The webcast of the National Innovation Initiative Summit, held Dec. 15, 2004, has finally been archived. View it here. I've had a chance now to read the full report (download .PDF here), and it's much, much better than I expected. It's thoughtful and well-written, in a way that I would not have expected from a committee, especially not a government-sponsored one!

The news coverage on this has been paltry so far, mostly focused on the report's recommendations about increasing federal funding of high-risk R&D projects and overhauling the K-12 education system to encourage innovation.

Yet there is much more here. Start with the NII's working definition of innovation: "The intersection of invention and insight, leading to the creation of social and economic value." If all that was to come out of this project was a recommendation for greater R&D tech spending, there wouldn't be any need to begin with as broad a definition as this.

As the definition suggests, this report explores how America has practiced innovation in the past, suggests that innovation has been the driver for the rise of the American economy, explores the recent major shifts in "where, how and why" innovation occurs, and offers recommendations for how we can "focus as a society on what we do best [innovate]. "

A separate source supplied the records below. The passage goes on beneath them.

lemma finite_induced_cycle_sets: "finite V \<Longrightarrow> finite (induced_cycle_sets V E)"
  unfolding induced_cycle_sets_def by (rule finite_subset[of _ "Pow V"]) auto

definition cycles_1mod3 :: "'a set \<Rightarrow> 'a set set \<Rightarrow> nat" where
  "cycles_1mod3 V E = card {S \<in> induced_cycle_sets V E. card S mod 3 = 1}"

context bridge
begin

lemma connected_Un:
  assumes "connected A EA" "connected B EB"
  shows "connected (A \<union> B) EAB"
proof (rule connectedI_root)
  fix z assume z: "z \<in> A \<union> B"
  show "reach (A \<union> B) EAB x z"
  proof (cases "z \<in> A")
    case True
    thus ?thesis using assms(1) x_in_A reach_mono[of A "A \<union> B" EA EAB x z]
      by (auto simp: connected_def)
  next
    case False
    have "reach (A \<union> B) EAB x y" using x_in_A y_in_B by (intro reach_step) (auto simp: adj_def)
    moreover have "reach (A \<union> B) EAB y z"
      using assms(2) y_in_B False z reach_mono[of B "A \<union> B" EB EAB y z] by (auto simp: connected_def)
    ultimately show ?thesis by (rule reach_trans)
  qed
qed (use x_in_A in simp)

lemma induced_edges_in_A: "S \<subseteq> A \<Longrightarrow> {e \<in> EAB. e \<subseteq> S} = {e \<in> EA. e \<subseteq> S}"
  using simple_B disjoint y_in_B unfolding simple_graph_def by fastforce

lemma induced_edges_in_B: "S \<subseteq> B \<Longrightarrow> {e \<in> EAB. e \<subseteq> S} = {e \<in> EB. e \<subseteq> S}"
proof -
  interpret swap: bridge B EB A EA y x by (rule bridge_swap)
  show "S \<subseteq> B \<Longrightarrow> ?thesis" using swap.induced_edges_in_A unfolding EAB_swap .
qed

text \<open>A cycle meeting both sides would have to cross the bridge twice, in opposite directions,
  which forces it to have length 2.\<close>

lemma induced_cycle_one_side:
  assumes S: "S \<subseteq> A \<union> B" and cyc: "is_cycle_graph vs S {e \<in> EAB. e \<subseteq> S}"
  shows "S \<subseteq> A \<or> S \<subseteq> B"
proof (rule ccontr)
  assume "\<not> ?thesis"
  then obtain a b where a: "a \<in> S" "a \<in> A" and b: "b \<in> S" "b \<in> B" using S by blast
  let ?l = "length vs"
  let ?nx = "\<lambda>i. Suc i mod ?l"
  have l3: "3 \<le> ?l" and dist: "distinct vs" and Sv: "S = set vs"
    and ce: "cycle_edges vs = {e \<in> EAB. e \<subseteq> S}"
    using cyc unfolding is_cycle_graph_def by metis+
  have edges: "i < ?l \<Longrightarrow> {vs ! i, vs ! ?nx i} \<in> EAB" for i
    using cycle_edges_nth[of i vs] unfolding ce by blast
  have nx: "?nx i < ?l" for i using l3 by (intro mod_less_divisor) linarith
  have side: "i < ?l \<Longrightarrow> vs ! i \<in> A \<or> vs ! i \<in> B" for i using S Sv by auto
  have cross: "{vs ! i, vs ! ?nx i} = {x, y}"
    if "i < ?l" "vs ! i \<in> C" "vs ! ?nx i \<notin> C" "C = A \<or> C = B" for i C
  proof -
    have "vs ! ?nx i \<in> A \<union> B - C" using side[OF nx] that by auto
    hence "{vs ! i, vs ! ?nx i} \<notin> EA \<union> EB"
      using that disjoint simple_graph_edge_subset[OF simple_A] simple_graph_edge_subset[OF simple_B]
      by blast
    thus ?thesis using edges[OF that(1)] by blast
  qed
  obtain ia ib where ia: "ia < ?l" "vs ! ia = a" and ib: "ib < ?l" "vs ! ib = b"
    using a(1) b(1) Sv by (metis in_set_conv_nth)
  obtain i where i: "i < ?l" "vs ! i \<in> A" "vs ! ?nx i \<notin> A"
    using ex_index_leaving[of ia ?l "\<lambda>i. vs ! i \<in> A" ib] ia ib a b disjoint by blast
  obtain j where j: "j < ?l" "vs ! j \<in> B" "vs ! ?nx j \<notin> B"
    using ex_index_leaving[of ib ?l "\<lambda>i. vs ! i \<in> B" ia] ia ib a b disjoint by blast
  have "vs ! i = x" "vs ! ?nx i = y"
    using cross[OF i disjI1, OF refl] i(2) x_in_A y_in_B disjoint by (auto simp: doubleton_eq_iff)
  moreover have "vs ! j = y" "vs ! ?nx j = x"
    using cross[OF j disjI2, OF refl] j(2) x_in_A y_in_B disjoint by (auto simp: doubleton_eq_iff)
  ultimately have "i = ?nx j" "j = ?nx i" using dist i(1) j(1) nx nth_eq_iff_index_eq by metis+
  hence "j = Suc (?nx j) mod ?l" by simp
  hence "(j + 2) mod ?l = j" by (simp add: mod_Suc_eq)
  thus False using add_2_mod_neq j(1) l3 by blast
qed

lemma induced_cycle_sets_Un:
  "induced_cycle_sets (A \<union> B) EAB = induced_cycle_sets A EA \<union> induced_cycle_sets B EB"
proof (intro equalityI subsetI)
  fix S assume "S \<in> induced_cycle_sets (A \<union> B) EAB"
  then obtain vs where "S \<subseteq> A \<union> B" "is_cycle_graph vs S {e \<in> EAB. e \<subseteq> S}"
    by (auto simp: induced_cycle_sets_def)
  thus "S \<in> induced_cycle_sets A EA \<union> induced_cycle_sets B EB"
    using induced_cycle_one_side induced_edges_in_A induced_edges_in_B
    by (metis (mono_tags, lifting) UnCI induced_cycle_sets_def mem_Collect_eq)
next
  fix S assume "S \<in> induced_cycle_sets A EA \<union> induced_cycle_sets B EB"
  thus "S \<in> induced_cycle_sets (A \<union> B) EAB"
    using induced_edges_in_A induced_edges_in_B by (auto simp: induced_cycle_sets_def)
qed

lemma cycles_1mod3_Un: "cycles_1mod3 (A \<union> B) EAB = cycles_1mod3 A EA + cycles_1mod3 B EB"
proof -
  have "induced_cycle_sets A EA \<inter> induced_cycle_sets B EB = {}"
    using induced_cycle_sets_nonempty disjoint by (fastforce simp: induced_cycle_sets_def)
  hence "{S \<in> induced_cycle_sets A EA. card S mod 3 = 1} \<inter> {S \<in> induced_cycle_sets B EB. card S mod 3 = 1} = {}"
    by blast
  moreover have "{S \<in> induced_cycle_sets (A \<union> B) EAB. card S mod 3 = 1} =
      {S \<in> induced_cycle_sets A EA. card S mod 3 = 1} \<union> {S \<in> induced_cycle_sets B EB. card S mod 3 = 1}"
    using induced_cycle_sets_Un by auto
  ultimately show ?thesis unfolding cycles_1mod3_def
    using finite_induced_cycle_sets[OF finite_A] finite_induced_cycle_sets[OF finite_B]
    by (simp add: card_Un_disjoint)
qed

It's probably not surprising that I would find this idea -- that innovation has been what drives America -- fascinating, considering my interest in what drives innovation itself. I'll spend part of January discussing this report in more detail.

Meanwhile, Happy New Year to everyone!

Comments (1) | Category: Innovation, General


COMMENTS

1. Paul Hobcraft on January 7, 2005 11:02 PM writes...

Like you I was waiting with interest on the NII report that was released in December 2004

It lays out some policy decisions that hopefully will be implemented and adopted for US policy, across Business, Government and Education to accelerate and promote innovation.

One comment though:

I felt excited when I first read the interim report a number of months back. It had more aspirations, more intent. It seemed more 'connected' with the 'struggles' of today in innovation and seemed to lay out more of a promise of a high level group combining forces together to place innovation on a higher plain- to give it some breakthrough thinking. The promise of all that 'collective wisdom' to come together based on different commitee themes I felt might give innovation that real breakthrough that it most probably needs to become "the single most important factor in determining America's success through the 21st centure". Something got lost along the way to the final report. It is a pity.

It gave an interesting anaylsis of a large set of problems that needed to be addressed and some sound recommendations to be implemented

This excitement I felt has somehow been lost in the final report. It seems, from my view, that this "essence" has not got to the final report, its been boiled down, possibly abandoned and maybe, through the size of the co-ordinating task and the need to consider so much conflicting, diverse and vested opinion it became more incremental, perhaps more realisistic, so we have ended up with a solid, dependable, sometimes predictable report. It partly identifies and recommend ways to clear current road blocks and suggests a range of fresh incentives but may not have achieve what I felt might have been a ground breaking report.

Perhaps it is too much to ask from such a collection of views but something just seemed to have got lost between aspiration and realization but innovation does need the 'bigger vision' and I was hoping the final report might give us more of this.